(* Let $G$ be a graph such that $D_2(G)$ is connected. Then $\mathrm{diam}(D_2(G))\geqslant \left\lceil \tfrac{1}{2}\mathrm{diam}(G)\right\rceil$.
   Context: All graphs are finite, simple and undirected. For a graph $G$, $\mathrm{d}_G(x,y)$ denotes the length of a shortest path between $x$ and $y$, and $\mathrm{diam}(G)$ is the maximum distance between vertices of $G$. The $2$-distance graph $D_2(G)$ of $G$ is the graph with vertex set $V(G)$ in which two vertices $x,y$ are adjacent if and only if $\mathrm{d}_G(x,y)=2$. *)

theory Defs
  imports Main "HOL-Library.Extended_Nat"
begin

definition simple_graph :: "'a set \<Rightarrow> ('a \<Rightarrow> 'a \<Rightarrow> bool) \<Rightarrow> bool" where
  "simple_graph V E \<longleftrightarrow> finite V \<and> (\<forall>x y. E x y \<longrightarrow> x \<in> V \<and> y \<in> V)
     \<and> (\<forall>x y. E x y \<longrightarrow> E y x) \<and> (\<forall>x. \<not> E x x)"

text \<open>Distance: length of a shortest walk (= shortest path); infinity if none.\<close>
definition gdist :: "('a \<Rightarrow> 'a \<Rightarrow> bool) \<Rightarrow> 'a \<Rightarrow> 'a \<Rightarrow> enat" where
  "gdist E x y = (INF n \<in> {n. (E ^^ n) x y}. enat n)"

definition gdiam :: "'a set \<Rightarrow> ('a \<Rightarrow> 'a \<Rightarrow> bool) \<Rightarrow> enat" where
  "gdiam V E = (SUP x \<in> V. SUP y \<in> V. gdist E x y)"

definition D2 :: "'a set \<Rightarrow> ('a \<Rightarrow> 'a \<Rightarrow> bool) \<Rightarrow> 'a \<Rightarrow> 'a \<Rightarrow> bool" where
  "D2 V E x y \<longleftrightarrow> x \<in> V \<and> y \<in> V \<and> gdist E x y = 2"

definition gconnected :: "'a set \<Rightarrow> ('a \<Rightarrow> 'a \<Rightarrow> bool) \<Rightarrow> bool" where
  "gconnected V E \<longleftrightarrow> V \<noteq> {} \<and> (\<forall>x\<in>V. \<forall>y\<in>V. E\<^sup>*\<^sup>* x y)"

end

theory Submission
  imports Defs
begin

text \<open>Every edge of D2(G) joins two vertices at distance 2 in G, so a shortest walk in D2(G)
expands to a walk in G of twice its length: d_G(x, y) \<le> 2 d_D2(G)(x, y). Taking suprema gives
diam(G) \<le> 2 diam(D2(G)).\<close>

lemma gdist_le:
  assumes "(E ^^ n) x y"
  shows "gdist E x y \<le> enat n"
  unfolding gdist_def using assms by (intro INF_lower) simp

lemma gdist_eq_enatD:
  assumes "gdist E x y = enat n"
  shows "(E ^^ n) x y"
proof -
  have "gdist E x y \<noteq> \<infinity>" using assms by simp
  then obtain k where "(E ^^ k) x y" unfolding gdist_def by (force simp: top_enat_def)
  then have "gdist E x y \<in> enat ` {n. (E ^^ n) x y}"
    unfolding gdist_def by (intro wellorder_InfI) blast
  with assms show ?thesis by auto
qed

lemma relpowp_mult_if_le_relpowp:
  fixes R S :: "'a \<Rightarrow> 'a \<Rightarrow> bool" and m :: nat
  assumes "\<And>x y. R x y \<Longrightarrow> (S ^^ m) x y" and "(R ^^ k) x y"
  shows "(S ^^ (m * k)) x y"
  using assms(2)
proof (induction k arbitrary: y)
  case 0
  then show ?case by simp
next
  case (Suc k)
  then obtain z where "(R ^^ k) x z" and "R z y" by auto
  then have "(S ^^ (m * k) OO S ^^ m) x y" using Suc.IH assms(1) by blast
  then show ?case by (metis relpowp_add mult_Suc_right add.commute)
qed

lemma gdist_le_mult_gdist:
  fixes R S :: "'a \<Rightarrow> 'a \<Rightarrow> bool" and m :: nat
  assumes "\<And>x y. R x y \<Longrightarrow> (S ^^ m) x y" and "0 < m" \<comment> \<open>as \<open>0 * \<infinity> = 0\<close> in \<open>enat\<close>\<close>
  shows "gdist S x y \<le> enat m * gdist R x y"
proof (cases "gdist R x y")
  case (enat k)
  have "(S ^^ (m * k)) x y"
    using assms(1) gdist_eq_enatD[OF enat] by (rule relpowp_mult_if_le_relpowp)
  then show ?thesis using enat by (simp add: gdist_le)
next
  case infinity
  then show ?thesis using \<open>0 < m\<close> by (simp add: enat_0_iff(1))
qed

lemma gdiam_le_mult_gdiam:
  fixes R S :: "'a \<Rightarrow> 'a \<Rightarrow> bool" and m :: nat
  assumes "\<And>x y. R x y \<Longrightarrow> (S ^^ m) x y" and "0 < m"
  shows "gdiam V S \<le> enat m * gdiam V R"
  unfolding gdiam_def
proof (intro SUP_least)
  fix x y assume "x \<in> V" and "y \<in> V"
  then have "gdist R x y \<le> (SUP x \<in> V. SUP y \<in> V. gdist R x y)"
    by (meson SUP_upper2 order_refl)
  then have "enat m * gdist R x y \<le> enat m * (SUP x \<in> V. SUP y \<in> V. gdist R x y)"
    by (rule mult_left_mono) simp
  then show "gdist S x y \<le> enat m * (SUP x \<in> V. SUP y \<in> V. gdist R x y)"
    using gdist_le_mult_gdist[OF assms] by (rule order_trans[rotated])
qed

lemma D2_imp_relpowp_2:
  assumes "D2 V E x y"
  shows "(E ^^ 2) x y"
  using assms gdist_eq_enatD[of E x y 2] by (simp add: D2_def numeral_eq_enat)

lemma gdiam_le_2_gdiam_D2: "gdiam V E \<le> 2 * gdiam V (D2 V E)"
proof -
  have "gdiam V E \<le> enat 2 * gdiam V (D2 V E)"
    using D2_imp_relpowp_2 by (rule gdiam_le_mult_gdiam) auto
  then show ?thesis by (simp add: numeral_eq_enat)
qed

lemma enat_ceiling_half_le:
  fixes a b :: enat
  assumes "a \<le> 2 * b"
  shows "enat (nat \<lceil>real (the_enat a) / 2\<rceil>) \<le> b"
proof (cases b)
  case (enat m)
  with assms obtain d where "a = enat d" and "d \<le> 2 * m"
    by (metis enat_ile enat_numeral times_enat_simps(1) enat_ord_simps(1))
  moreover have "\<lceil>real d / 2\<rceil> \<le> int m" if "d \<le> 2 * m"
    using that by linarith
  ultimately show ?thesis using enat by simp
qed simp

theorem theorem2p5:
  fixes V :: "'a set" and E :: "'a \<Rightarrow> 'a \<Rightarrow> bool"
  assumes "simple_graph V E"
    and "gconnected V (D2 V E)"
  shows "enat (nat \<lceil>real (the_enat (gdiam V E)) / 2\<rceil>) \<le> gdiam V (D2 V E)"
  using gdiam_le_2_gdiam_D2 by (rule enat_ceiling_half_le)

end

+ + + +

Each line containing the word "shortest" needs to be copied from the data above.

• [Task result]:
   Context: All graphs are finite, simple and undirected. For a graph $G$, $\mathrm{d}_G(x,y)$ denotes the length of a shortest path between $x$ and $y$, and $\mathrm{diam}(G)$ is the maximum distance between vertices of $G$. The $2$-distance graph $D_2(G)$ of $G$ is the graph with vertex set $V(G)$ in which two vertices $x,y$ are adjacent if and only if $\mathrm{d}_G(x,y)=2$. *)
text \<open>Distance: length of a shortest walk (= shortest path); infinity if none.\<close>
text \<open>Every edge of D2(G) joins two vertices at distance 2 in G, so a shortest walk in D2(G)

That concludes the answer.